This repo is based on Diffusion Transformers with Representation Autoencoders (RAE). For clarity and conciseness, I removed their original README content, but I suggest you read the original one first before you read my updates.
Goal: Finetune a (source) encoder model, so that its output aligns with that of another (target) encoder model. The source and target models receive paired inputs, where two images are "identical" in essence (depending how you define essence), but differ in domain or appearance. For example:
- VOC mask experiment: Source model receives images overlayed with semi-transparent segmentation maps, while target model receives the corresponding original images.
- Pose encoder experiment: Source model receives images of robot embodiment A, while target model receives images of robot embodiment B in the same pose. (Here the "essence" of an image is defined as the pose of the robot arm in the image.)
We adopt the RAE codebase, where DINOv2 serves as the encoder. We can finetune it with LoRA. A key contribution of RAE is that it provides a decoder for DINOv2, which helps us with validation and visualization (how well our alignment is doing).

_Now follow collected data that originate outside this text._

definition positive_definite :: "real^'n^'n \<Rightarrow> bool" where
  "positive_definite A \<longleftrightarrow> transpose A = A \<and> (\<forall>x. x \<noteq> 0 \<longrightarrow> x \<bullet> (A *v x) > 0)"

definition graph_part :: "('n \<Rightarrow> 'n \<Rightarrow> bool) \<Rightarrow> real^'n^'n \<Rightarrow> real^'n^'n" where
  "graph_part E A = (\<chi> i j. if i = j \<or> E i j then A $ i $ j else 0)"

definition strictly_diag_dominant :: "real^'n^'n \<Rightarrow> bool" where
  "strictly_diag_dominant M \<longleftrightarrow> (\<forall>i. \<bar>M $ i $ i\<bar> > (\<Sum>j\<in>UNIV - {i}. \<bar>M $ i $ j\<bar>))"

definition undirected_graph :: "('n \<Rightarrow> 'n \<Rightarrow> bool) \<Rightarrow> bool" where
  "undirected_graph E \<longleftrightarrow> (\<forall>u v. E u v \<longrightarrow> E v u)"

definition graph_connected :: "('n \<Rightarrow> 'n \<Rightarrow> bool) \<Rightarrow> bool" where
  "graph_connected E \<longleftrightarrow> (\<forall>u v. E\<^sup>*\<^sup>* u v)"

end

theory Submission
  imports Defs
begin

text \<open>For weights c and d > 0, the matrix J + d I + sum over i < j of w_ij w_ij^T, with
  w_ij = c_ij e_i + c_ji e_j, has positive entries and is positive definite. If all weights at
  non-edges equal 1, its graph part has the same shape except that each term
  (e_i + e_j)(e_i + e_j)^T at a non-edge becomes (e_i - e_j)(e_i - e_j)^T, so it stays positive
  definite. A connected graph on at least three vertices has a vertex v with two neighbours;
  suitable large weights on the edges at v make every row of the matrix fail diagonal dominance,
  while in the graph part the row of v loses only the small non-edge entries and its weights to
  the neighbours outweigh the diagonal.\<close>

lemma inner_mult_vec_eq_double_sum:
  fixes M :: "real^'n^'n"
  shows "x \<bullet> (M *v x) = (\<Sum>i\<in>UNIV. \<Sum>j\<in>UNIV. x$i * M$i$j * x$j)"
  by (simp add: inner_vec_def matrix_vector_mult_def sum_distrib_left mult.assoc mult.commute mult.left_commute)

text \<open>The matrix J + d I + sum over i < j of w_ij w_ij^T, with w_ij = c_ij e_i + c_ji e_j.\<close>
definition pair_sum_matrix :: "('n::finite \<Rightarrow> 'n \<Rightarrow> real) \<Rightarrow> real \<Rightarrow> real^'n^'n" where
  "pair_sum_matrix c d =
     (\<chi> i j. 1 + (if i = j then d + (\<Sum>k\<in>UNIV - {i}. (c i k)^2) else c i j * c j i))"

lemma sum_remove_eq_sum_if:
  "(\<Sum>j\<in>UNIV - {i}. f j) = (\<Sum>j\<in>UNIV. if j = i then 0 else f j)" for f :: "'n::finite \<Rightarrow> real"
  by (simp add: sum.If_cases Diff_eq)

lemma transpose_pair_sum_matrix: "transpose (pair_sum_matrix c d) = pair_sum_matrix c d"
  unfolding pair_sum_matrix_def transpose_def by (simp add: vec_eq_iff mult.commute)

lemma transpose_graph_part:
  assumes "undirected_graph E" "transpose A = A"
  shows "transpose (graph_part E A) = graph_part E A"
  using assms unfolding undirected_graph_def graph_part_def transpose_def
  by (auto simp: vec_eq_iff)

lemma quadratic_form_pair_sum_matrix:
  fixes x :: "real^'n::finite"
  shows "x \<bullet> (pair_sum_matrix c d *v x) = (\<Sum>i\<in>UNIV. x$i)^2 + d * (x \<bullet> x)
     + (1/2) * (\<Sum>i\<in>UNIV. \<Sum>j\<in>UNIV. if j = i then 0 else (c i j * x$i + c j i * x$j)^2)"
proof -
  define S where "S i = (\<Sum>k\<in>UNIV - {i}. (c i k)^2)" for i
  have entry: "x$i * (pair_sum_matrix c d)$i$j * x$j = x$i * x$j
       + (if i = j then x$i * x$j * (d + S i) else 0)
       + (if j = i then 0 else c i j * c j i * x$i * x$j)" for i j
    unfolding pair_sum_matrix_def S_def by (auto simp: algebra_simps)
  have ones: "(\<Sum>i\<in>UNIV. \<Sum>j\<in>UNIV. x$i * x$j) = (\<Sum>i\<in>UNIV. x$i)^2"
    by (simp add: power2_eq_square sum_product)
  have diag: "(\<Sum>i\<in>UNIV. \<Sum>j\<in>UNIV. if i = j then x$i * x$j * (d + S i) else 0)
      = d * (x \<bullet> x) + (\<Sum>i\<in>UNIV. \<Sum>j\<in>UNIV. if j = i then 0 else (c i j)^2 * (x$i)^2)"
    by (simp add: S_def sum_remove_eq_sum_if inner_vec_def sum_distrib_left sum_distrib_right
        sum.distrib[symmetric] algebra_simps power2_eq_square if_distrib cong: if_cong)
  have squares: "(\<Sum>i\<in>UNIV. \<Sum>j\<in>UNIV. if j = i then 0 else (c i j * x$i + c j i * x$j)^2)
     = (\<Sum>i\<in>UNIV. \<Sum>j\<in>UNIV. if j = i then 0 else (c i j)^2 * (x$i)^2)
     + (\<Sum>i\<in>UNIV. \<Sum>j\<in>UNIV. if j = i then 0 else (c j i)^2 * (x$j)^2)
     + 2 * (\<Sum>i\<in>UNIV. \<Sum>j\<in>UNIV. if j = i then 0 else c i j * c j i * x$i * x$j)"
    by (simp add: sum_distrib_left sum.distrib[symmetric] algebra_simps power2_eq_square if_distrib
        cong: if_cong)
  have swap: "(\<Sum>i\<in>UNIV. \<Sum>j\<in>UNIV. if j = i then 0 else (c j i)^2 * (x$j)^2)
     = (\<Sum>i\<in>UNIV. \<Sum>j\<in>UNIV. if j = i then 0 else (c i j)^2 * (x$i)^2)"
    by (subst sum.swap) (simp add: eq_commute)
  show ?thesis
    unfolding inner_mult_vec_eq_double_sum entry using ones diag squares swap
    by (simp add: sum.distrib)
qed

text \<open>Zeroing the entries 2 at a non-edge with weights 1 turns the square (x_i + x_j)^2 into (x_i - x_j)^2.\<close>
lemma quadratic_form_graph_part_pair_sum_matrix:
  fixes x :: "real^'n::finite" and E :: "'n \<Rightarrow> 'n \<Rightarrow> bool"
  assumes non_edge: "\<And>i j. i \<noteq> j \<Longrightarrow> \<not> E i j \<Longrightarrow> c i j = 1 \<and> c j i = 1"
  shows "x \<bullet> (graph_part E (pair_sum_matrix c d) *v x) = (\<Sum>i\<in>UNIV. x$i)^2 + d * (x \<bullet> x)
     + (1/2) * (\<Sum>i\<in>UNIV. \<Sum>j\<in>UNIV. if j = i then 0
                 else if E i j then (c i j * x$i + c j i * x$j)^2 else (x$i - x$j)^2)"
proof -
  define D where "D i j = (if i \<noteq> j \<and> \<not> E i j then 2 * x$i * x$j else 0)" for i j
  have entry: "x$i * (graph_part E (pair_sum_matrix c d))$i$j * x$j
      = x$i * (pair_sum_matrix c d)$i$j * x$j - D i j" for i j
    using non_edge[of i j] unfolding graph_part_def pair_sum_matrix_def D_def
    by (auto simp: algebra_simps)
  have square: "(if j = i then 0 else if E i j then (c i j * x$i + c j i * x$j)^2 else (x$i - x$j)^2)
     = (if j = i then 0 else (c i j * x$i + c j i * x$j)^2) - 2 * D i j" for i j
    using non_edge[of i j] unfolding D_def by (auto simp: algebra_simps power2_eq_square)
  have "x \<bullet> (graph_part E (pair_sum_matrix c d) *v x)
      = x \<bullet> (pair_sum_matrix c d *v x) - (\<Sum>i\<in>UNIV. \<Sum>j\<in>UNIV. D i j)"
    unfolding inner_mult_vec_eq_double_sum entry by (simp add: sum_subtractf)
  moreover have "(\<Sum>i\<in>UNIV. \<Sum>j\<in>UNIV. if j = i then 0
                 else if E i j then (c i j * x$i + c j i * x$j)^2 else (x$i - x$j)^2)
     = (\<Sum>i\<in>UNIV. \<Sum>j\<in>UNIV. if j = i then 0 else (c i j * x$i + c j i * x$j)^2)
       - 2 * (\<Sum>i\<in>UNIV. \<Sum>j\<in>UNIV. D i j)"
    unfolding square by (simp add: sum_subtractf sum_distrib_left)
  ultimately show ?thesis
    unfolding quadratic_form_pair_sum_matrix by simp
qed

lemma positive_definite_if_quadratic_form_ge:
  fixes A :: "real^'n^'n"
  assumes "transpose A = A" "d > 0" "\<And>x. x \<bullet> (A *v x) \<ge> d * (x \<bullet> x)"
  shows "positive_definite A"
  unfolding positive_definite_def
proof (intro conjI allI impI assms(1))
  fix x :: "real^'n" assume "x \<noteq> 0"
  then have "0 < d * (x \<bullet> x)" using assms(2) by simp
  then show "x \<bullet> (A *v x) > 0" using assms(3)[of x] by linarith
qed

lemma positive_definite_pair_sum_matrix:
  assumes "d > 0"
  shows "positive_definite (pair_sum_matrix c d)"
  by (rule positive_definite_if_quadratic_form_ge[OF transpose_pair_sum_matrix assms])
    (auto simp: quadratic_form_pair_sum_matrix intro!: add_nonneg_nonneg sum_nonneg)

lemma positive_definite_graph_part_pair_sum_matrix:
  assumes "undirected_graph E" "d > 0"
    and "\<And>i j. i \<noteq> j \<Longrightarrow> \<not> E i j \<Longrightarrow> c i j = 1 \<and> c j i = 1"
  shows "positive_definite (graph_part E (pair_sum_matrix c d))"
  by (rule positive_definite_if_quadratic_form_ge
      [OF transpose_graph_part[OF assms(1) transpose_pair_sum_matrix] assms(2)])
    (auto simp: quadratic_form_graph_part_pair_sum_matrix[OF assms(3)] intro!: add_nonneg_nonneg sum_nonneg)

lemma pair_sum_matrix_pos:
  assumes "\<And>i j. c i j \<ge> 0" "d \<ge> 0"
  shows "pair_sum_matrix c d $ i $ j > 0"
proof -
  have "(\<Sum>k\<in>UNIV - {l}. (c l k)^2) \<ge> 0" for l by (intro sum_nonneg) simp
  then show ?thesis using assms by (simp add: pair_sum_matrix_def add_pos_nonneg)
qed

lemma pair_sum_matrix_row_excess:
  assumes "\<And>i j. c i j \<ge> 0" "d \<ge> 0"
  shows "(\<Sum>j\<in>UNIV - {i}. \<bar>pair_sum_matrix c d $ i $ j\<bar>) - \<bar>pair_sum_matrix c d $ i $ i\<bar>
       = (\<Sum>j\<in>UNIV - {i}. 1 + c i j * c j i - (c i j)^2) - (1 + d)"
proof -
  have pos: "pair_sum_matrix c d $ k $ l > 0" for k l
    using assms by (rule pair_sum_matrix_pos)
  have "(\<Sum>j\<in>UNIV - {i}. \<bar>pair_sum_matrix c d $ i $ j\<bar>) = (\<Sum>j\<in>UNIV - {i}. 1 + c i j * c j i)"
  proof (intro sum.cong)
    fix j assume "j \<in> UNIV - {i}"
    then show "\<bar>pair_sum_matrix c d $ i $ j\<bar> = 1 + c i j * c j i"
      using pos[of i j] by (simp add: pair_sum_matrix_def)
  qed simp
  moreover have "\<bar>pair_sum_matrix c d $ i $ i\<bar> = 1 + d + (\<Sum>j\<in>UNIV - {i}. (c i j)^2)"
    using pos[of i i] by (simp add: pair_sum_matrix_def)
  ultimately show ?thesis by (simp add: sum_subtractf sum.distrib)
qed

definition neighbours :: "('n \<Rightarrow> 'n \<Rightarrow> bool) \<Rightarrow> 'n \<Rightarrow> 'n set" where
  "neighbours E v = {j. j \<noteq> v \<and> E v j}"

definition hub_weights :: "('n \<Rightarrow> 'n \<Rightarrow> bool) \<Rightarrow> 'n \<Rightarrow> real \<Rightarrow> real \<Rightarrow> 'n \<Rightarrow> 'n \<Rightarrow> real" where
  "hub_weights E v a b i j =
     (if i = v \<and> j \<in> neighbours E v then a else if j = v \<and> i \<in> neighbours E v then b else 1)"

lemma hub_weights_nonneg: "a \<ge> 0 \<Longrightarrow> b \<ge> 0 \<Longrightarrow> hub_weights E v a b i j \<ge> 0"
  by (simp add: hub_weights_def)

lemma hub_weights_non_edge:
  assumes "undirected_graph E" "i \<noteq> j" "\<not> E i j"
  shows "hub_weights E v a b i j = 1 \<and> hub_weights E v a b j i = 1"
  using assms by (auto simp: hub_weights_def neighbours_def undirected_graph_def)

lemma sum_one_plus_indicator:
  fixes S :: "'n::finite set"
  assumes "S \<subseteq> UNIV - {i}"
  shows "(\<Sum>j\<in>UNIV - {i}. 1 + (if j \<in> S then t else 0)) = real CARD('n) - 1 + t * real (card S)"
proof -
  have "(\<Sum>j\<in>UNIV - {i}. if j \<in> S then t else 0) = t * real (card S)"
    using assms by (simp add: sum.If_cases Int_absorb1)
  then show ?thesis by (simp add: sum.distrib card_Diff_singleton of_nat_diff)
qed

lemma hub_weights_row_excess_at_hub:
  fixes E :: "'n::finite \<Rightarrow> 'n \<Rightarrow> bool" and v :: 'n and a b :: real
  defines "c \<equiv> hub_weights E v a b"
  shows "(\<Sum>j\<in>UNIV - {v}. 1 + c v j * c j v - (c v j)^2)
       = real CARD('n) - 1 + (a * b - a^2) * real (card (neighbours E v))"
proof -
  have "(\<Sum>j\<in>UNIV - {v}. 1 + c v j * c j v - (c v j)^2)
      = (\<Sum>j\<in>UNIV - {v}. 1 + (if j \<in> neighbours E v then a * b - a^2 else 0))"
    by (intro sum.cong) (auto simp: c_def hub_weights_def neighbours_def power2_eq_square)
  also have "\<dots> = real CARD('n) - 1 + (a * b - a^2) * real (card (neighbours E v))"
    by (rule sum_one_plus_indicator) (auto simp: neighbours_def)
  finally show ?thesis .
qed

lemma hub_weights_row_excess_off_hub:
  fixes E :: "'n::finite \<Rightarrow> 'n \<Rightarrow> bool" and v :: 'n and a b :: real
  defines "c \<equiv> hub_weights E v a b"
  assumes "i \<noteq> v"
  shows "(\<Sum>j\<in>UNIV - {i}. 1 + c i j * c j i - (c i j)^2)
       = real CARD('n) - 1 + (if i \<in> neighbours E v then a * b - b^2 else 0)"
proof -
  have "(\<Sum>j\<in>UNIV - {i}. 1 + c i j * c j i - (c i j)^2)
      = (\<Sum>j\<in>UNIV - {i}. 1 + (if j \<in> {v} then (if i \<in> neighbours E v then a * b - b^2 else 0) else 0))"
    using assms by (intro sum.cong) (auto simp: c_def hub_weights_def neighbours_def power2_eq_square)
  also have "\<dots> = real CARD('n) - 1 + (if i \<in> neighbours E v then a * b - b^2 else 0) * real (card {v})"
    using assms by (intro sum_one_plus_indicator) auto
  finally show ?thesis by simp
qed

conda create -n rae python=3.10 -y
conda activate rae
pip install uv
# Install PyTorch 2.2.0 with CUDA 12.1
uv pip install torch==2.2.0 torchvision==0.17.0 torchaudio --index-url https://download.pytorch.org/whl/cu121
# Install other dependencies
uv pip install timm==0.9.16 accelerate==0.23.0 torchdiffeq==0.2.5 wandb
uv pip install "numpy<2" transformers einops omegaconf
# The following steps are additional steps for our alignment training codebase
pip install -U albumentations
pip install -U datasets
pip install matplotlib
python -m pip install "numpy<2" --upgrade
uv pip install --no-deps torchmetrics==1.3.1
uv pip install --no-deps lightning-utilities
uv pip install --no-deps "pytorch-lightning==2.2.*"